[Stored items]

text \<open>d_K: -d_K is the square-free part of -d_M d_F\<close>
definition gK :: "nat \<Rightarrow> nat \<Rightarrow> nat" where
  "gK dM dF = gcd dM dF"

definition dK :: "nat \<Rightarrow> nat \<Rightarrow> nat" where
  "dK dM dF = dM * dF div (gK dM dF)^2"

text \<open>iota(delta) in V, where iota(sqrt(-d_M d_F)) = iota(sqrt(-d_M)) \<otimes> sqrt(d_F) = (0, mu)
  and sqrt(-d_K) = sqrt(-d_M d_F) / gK\<close>
definition iota_delta :: "nat \<Rightarrow> nat \<Rightarrow> rat quat \<Rightarrow> 'k::field_char_0 delt" where
  "iota_delta dM dF mu =
     (let s = (qscal 0, qsmul (inverse (of_nat (gK dM dF))) (qmap mu)) in
      if (- int (dK dM dF)) mod 4 = 1
      then (qadd (qscal (1/2)) (fst s), qsmul (1/2) (snd s))
      else s)"

text \<open>H_z(k): classes in H^{(1)}(k) fixing z = (1, iota(delta)) (rho and nu are constant on classes)\<close>
definition Hz :: "rat \<Rightarrow> rat \<Rightarrow> nat \<Rightarrow> nat \<Rightarrow> rat quat \<Rightarrow> ('k::field_char_0 delt \<times> 'k) set set" where
  "Hz A B dF dM mu = {C \<in> carrier (Hgrp A B dF).
      \<forall>h\<in>C. nu A B dF h = 1 \<and> rho A B dF h done_D = done_D
             \<and> rho A B dF h (iota_delta dM dF mu) = iota_delta dM dF mu}"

_Task to complete_
Go through the records and set every one down exactly.

_Answer area_
text \<open>d_K: -d_K is the square-free part of -d_M d_F\<close>
definition gK :: "nat \<Rightarrow> nat \<Rightarrow> nat" where
  "gK dM dF = gcd dM dF"

definition dK :: "nat \<Rightarrow> nat \<Rightarrow> nat" where
  "dK dM dF = dM * dF div (gK dM dF)^2"

text \<open>iota(delta) in V, where iota(sqrt(-d_M d_F)) = iota(sqrt(-d_M)) \<otimes> sqrt(d_F) = (0, mu)
  and sqrt(-d_K) = sqrt(-d_M d_F) / gK\<close>
definition iota_delta :: "nat \<Rightarrow> nat \<Rightarrow> rat quat \<Rightarrow> 'k::field_char_0 delt" where
  "iota_delta dM dF mu =
     (let s = (qscal 0, qsmul (inverse (of_nat (gK dM dF))) (qmap mu)) in
      if (- int (dK dM dF)) mod 4 = 1
      then (qadd (qscal (1/2)) (fst s), qsmul (1/2) (snd s))
      else s)"

text \<open>H_z(k): classes in H^{(1)}(k) fixing z = (1, iota(delta)) (rho and nu are constant on classes)\<close>
definition Hz :: "rat \<Rightarrow> rat \<Rightarrow> nat \<Rightarrow> nat \<Rightarrow> rat quat \<Rightarrow> ('k::field_char_0 delt \<times> 'k) set set" where
  "Hz A B dF dM mu = {C \<in> carrier (Hgrp A B dF).
      \<forall>h\<in>C. nu A B dF h = 1 \<and> rho A B dF h done_D = done_D
             \<and> rho A B dF h (iota_delta dM dF mu) = iota_delta dM dF mu}"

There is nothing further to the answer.